I would like to show by one more example the sense that may be gained by a childhood reminiscence through analytic work, although it may seem to contain no sense before. In my forty-third year, when I began to interest myself in what remained in my memory of my own childhood, a scene struck me which for a long time, as I afterwards believed, had repeatedly come to consciousness, and which through reliable identification could be traced to a period before the completion of my third year. I saw myself in front of a chest, the door of which was held open by my half-brother, twenty years my senior. I stood there demanding something and screaming; my mother, pretty and slender, then suddenly entered the room, as if returning from the street.
In these words I formulated this scene so vividly seen, which, however, furnished no other clue. Whether my brother wished to open or lock the chest (in the first explanation it was a “cupboard”), why I cried, and what bearing the arrival of my mother had, all these questions were dim to me; I was tempted to explain to myself that it dealt with the memory of a hoax by my older brother, which was interrupted by my mother. Such misunderstandings of childhood scenes retained in memory are not uncommon; we recall a situation, but it is not centralized; we do not know on which of the elements to place the psychic accent.

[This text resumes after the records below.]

lemma sqrt_cis_approx:
  fixes c w :: complex and \<Delta> :: real
  assumes w: "cmod w = 1" and c: "c\<^sup>2 = cis \<Delta> * w"
  obtains k :: int and g where "c = (-1) powi k * cis (\<Delta> / 2) + g"
    and "inverse c = (-1) powi k * cis (- \<Delta> / 2) + cnj g"
    and "2 * (cmod g)\<^sup>2 \<le> (cmod (w - 1))\<^sup>2"
proof -
  define v where "v = c * cis (- \<Delta> / 2)"
  have "cis \<Delta> * (cis (- \<Delta> / 2))\<^sup>2 = 1"
    unfolding power2_eq_square cis_mult by simp
  then have v2: "v\<^sup>2 = w"
    unfolding v_def by (simp add: power_mult_distrib c)
  have "(cmod c)\<^sup>2 = 1"
    using arg_cong[OF c, of cmod] w by (simp add: norm_mult norm_power)
  then have c1: "cmod c = 1"
    using norm_ge_zero[of c] by (auto simp: power2_eq_1_iff)
  then have v1: "cmod v = 1"
    by (simp add: v_def norm_mult)
  obtain k :: int and \<sigma> :: complex where \<sigma>: "\<sigma> = (-1) powi k" "\<sigma> = 1 \<or> \<sigma> = -1"
    and acute: "0 \<le> Re (v * cnj \<sigma>)"
  proof (cases "0 \<le> Re v")
    case True
    then show ?thesis by (intro that[of 1 0]) auto
  next
    case False
    then show ?thesis by (intro that[of "-1" 1]) auto
  qed
  have "2 * (cmod (v - \<sigma>))\<^sup>2 \<le> (cmod (w - 1))\<^sup>2"
    using norm_diff_sq_mult_le[OF acute] v1 v2 \<sigma>(2) by auto
  define g where "g = c - \<sigma> * cis (\<Delta> / 2)"
  have "g = cis (\<Delta> / 2) * (v - \<sigma>)"
    unfolding g_def v_def by (simp add: algebra_simps cis_mult flip: mult.assoc)
  then have "cmod g = cmod (v - \<sigma>)"
    by (simp add: norm_mult)
  show ?thesis
  proof (rule that[of k g])
    show "c = (-1) powi k * cis (\<Delta> / 2) + g"
      unfolding g_def \<sigma>(1) by simp
    show "inverse c = (-1) powi k * cis (- \<Delta> / 2) + cnj g"
      using inverse_eq_cnj_if_norm_one[OF c1] \<sigma> unfolding g_def by (auto simp: cis_cnj)
    show "2 * (cmod g)\<^sup>2 \<le> (cmod (w - 1))\<^sup>2"
      using \<open>cmod g = cmod (v - \<sigma>)\<close> \<open>2 * (cmod (v - \<sigma>))\<^sup>2 \<le> (cmod (w - 1))\<^sup>2\<close> by simp
  qed
qed

lemma norm_sqrt_perturbation_le:
  fixes p s \<beta> d D :: complex and K :: real
  assumes p: "p\<^sup>2 * \<beta> = d + D" and s: "s\<^sup>2 * \<beta> = d" and acute: "0 \<le> Re (p * cnj s)"
    and "d \<noteq> 0" "\<beta> \<noteq> 0"
    and D_le: "cmod D \<le> 9/16 * cmod d" and D_sq: "16 * (cmod D)\<^sup>2 \<le> 23 * K\<^sup>2" and "0 \<le> K"
  shows "cmod (p - s) \<le> K / sqrt (cmod (d * \<beta>))"
proof -
  have "cmod d - cmod D \<le> cmod (d + D)"
    using norm_triangle_ineq2[of d "- D"] by simp
  also have "cmod (d + D) = (cmod p)\<^sup>2 * cmod \<beta>"
    by (simp flip: p add: norm_mult norm_power)
  finally have "23/16 * cmod d \<le> ((cmod p)\<^sup>2 + (cmod s)\<^sup>2) * cmod \<beta>"
    using D_le arg_cong[OF s, of cmod] by (simp add: norm_mult norm_power algebra_simps)
  then have "(cmod (p - s))\<^sup>2 * (23/16 * cmod d) * cmod \<beta>
      \<le> (cmod (p - s))\<^sup>2 * (((cmod p)\<^sup>2 + (cmod s)\<^sup>2) * cmod \<beta>) * cmod \<beta>"
    by (intro mult_right_mono mult_left_mono) auto
  also have "\<dots> = (cmod (p - s))\<^sup>2 * ((cmod p)\<^sup>2 + (cmod s)\<^sup>2) * (cmod \<beta>)\<^sup>2"
    by (simp add: power2_eq_square mult_ac)
  also have "\<dots> \<le> (cmod (p\<^sup>2 - s\<^sup>2))\<^sup>2 * (cmod \<beta>)\<^sup>2"
    by (rule mult_right_mono[OF norm_diff_sq_mult_le[OF acute]]) simp
  also have "\<dots> = (cmod D)\<^sup>2"
    by (simp flip: power_mult_distrib norm_mult add: left_diff_distrib p s)
  finally have "(cmod (p - s))\<^sup>2 * cmod (d * \<beta>) \<le> K\<^sup>2"
    using D_sq by (simp add: norm_mult algebra_simps)
  then have "(cmod (p - s))\<^sup>2 \<le> (K / sqrt (cmod (d * \<beta>)))\<^sup>2"
    using assms(4,5) by (simp add: power_divide field_simps)
  then show ?thesis
    by (rule power2_le_imp_le) (simp add: \<open>0 \<le> K\<close>)
qed

lemma abs_norm_minus_sqrt_le:
  fixes \<beta> d D :: complex and x K :: real
  assumes eq: "x\<^sup>2 * cmod \<beta> = cmod (d + D)" and "0 \<le> x" and "d \<noteq> 0" "\<beta> \<noteq> 0"
    and D_le: "cmod D \<le> 9/16 * cmod d" and D_sq: "16 * (cmod D)\<^sup>2 \<le> 23 * K\<^sup>2" and "0 \<le> K"
  shows "\<bar>x - sqrt (cmod (d / \<beta>))\<bar> \<le> K / sqrt (cmod (d * \<beta>))"
proof -
  define D' where "D' = cmod (d + D) - cmod d"
  have D'_le: "\<bar>D'\<bar> \<le> cmod D"
    using norm_triangle_ineq3[of "d + D" d] unfolding D'_def by simp
  have "cmod (of_real x - of_real (sqrt (cmod (d / \<beta>))))
      \<le> K / sqrt (cmod (of_real (cmod d) * of_real (cmod \<beta>) :: complex))"
  proof (rule norm_sqrt_perturbation_le[where D = "of_real D'"])
    have "x\<^sup>2 * cmod \<beta> = cmod d + D'"
      using eq unfolding D'_def by simp
    from arg_cong[OF this, of "of_real :: real \<Rightarrow> complex"]
    show "(of_real x)\<^sup>2 * of_real (cmod \<beta>) = of_real (cmod d) + (of_real D' :: complex)"
      by (simp only: of_real_mult of_real_power of_real_add)
    have "(sqrt (cmod (d / \<beta>)))\<^sup>2 * cmod \<beta> = cmod d"
      using \<open>\<beta> \<noteq> 0\<close> by (simp add: norm_divide)
    from arg_cong[OF this, of "of_real :: real \<Rightarrow> complex"]
    show "(of_real (sqrt (cmod (d / \<beta>))))\<^sup>2 * of_real (cmod \<beta>) = (of_real (cmod d) :: complex)"
      by (simp only: of_real_mult of_real_power)
    show "cmod (of_real D' :: complex) \<le> 9/16 * cmod (of_real (cmod d) :: complex)"
      using D'_le D_le by simp
    have "\<bar>D'\<bar>\<^sup>2 \<le> (cmod D)\<^sup>2"
      using D'_le by (intro power_mono) auto
    then show "16 * (cmod (of_real D' :: complex))\<^sup>2 \<le> 23 * K\<^sup>2"
      using D_sq by simp
  qed (use assms(2-4,7) in auto)
  then show ?thesis
    by (simp flip: of_real_diff add: norm_mult)
qed

lemma unit_sq_eq_cis_sgn:
  fixes c \<beta> d z :: complex and x \<Delta> :: real
  assumes c1: "cmod c = 1" and "0 \<le> x" and eq: "c\<^sup>2 * of_real x * \<beta> = d * z"
    and arg: "d / \<beta> = of_real (cmod (d / \<beta>)) * cis \<Delta>" and "d \<noteq> 0" "z \<noteq> 0"
  shows "c\<^sup>2 = cis \<Delta> * sgn z"
proof -
  define \<rho> where "\<rho> = cmod (d / \<beta>)"
  have \<beta>0: "\<beta> \<noteq> 0"
    using eq assms(5,6) by auto
  then have \<rho>0: "0 < \<rho>"
    using \<open>d \<noteq> 0\<close> unfolding \<rho>_def by simp
  have arg': "d / \<beta> = of_real \<rho> * cis \<Delta>"
    unfolding \<rho>_def by (fact arg)
  have "c\<^sup>2 * of_real x = d * z / \<beta>"
    using eq \<beta>0 by (simp add: eq_divide_eq)
  also have "\<dots> = of_real \<rho> * cis \<Delta> * z"
    by (simp flip: arg')
  finally have cx: "c\<^sup>2 * of_real x = of_real \<rho> * cis \<Delta> * z" .
  have "x = \<rho> * cmod z"
    using arg_cong[OF cx, of cmod] c1 \<rho>0 \<open>0 \<le> x\<close> by (simp add: norm_mult norm_power)
  with cx have "of_real \<rho> * (c\<^sup>2 * of_real (cmod z)) = of_real \<rho> * (cis \<Delta> * z)"
    by (simp add: mult_ac)
  then have "c\<^sup>2 * of_real (cmod z) = cis \<Delta> * z"
    using \<rho>0 by simp
  then show ?thesis
    using \<open>z \<noteq> 0\<close> by (simp add: sgn_eq field_simps)
qed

Analytic effort led me to an entirely unexpected solution of the picture. I missed my mother and began to suspect that she was locked in this cupboard or chest, and therefore demanded that my brother should unlock it. As he obliged me, and I became convinced that she was not in the chest, I began to cry; this is the moment firmly retained in the memory, which was directly followed by the appearance of my mother, who appeased my worry and anxiety.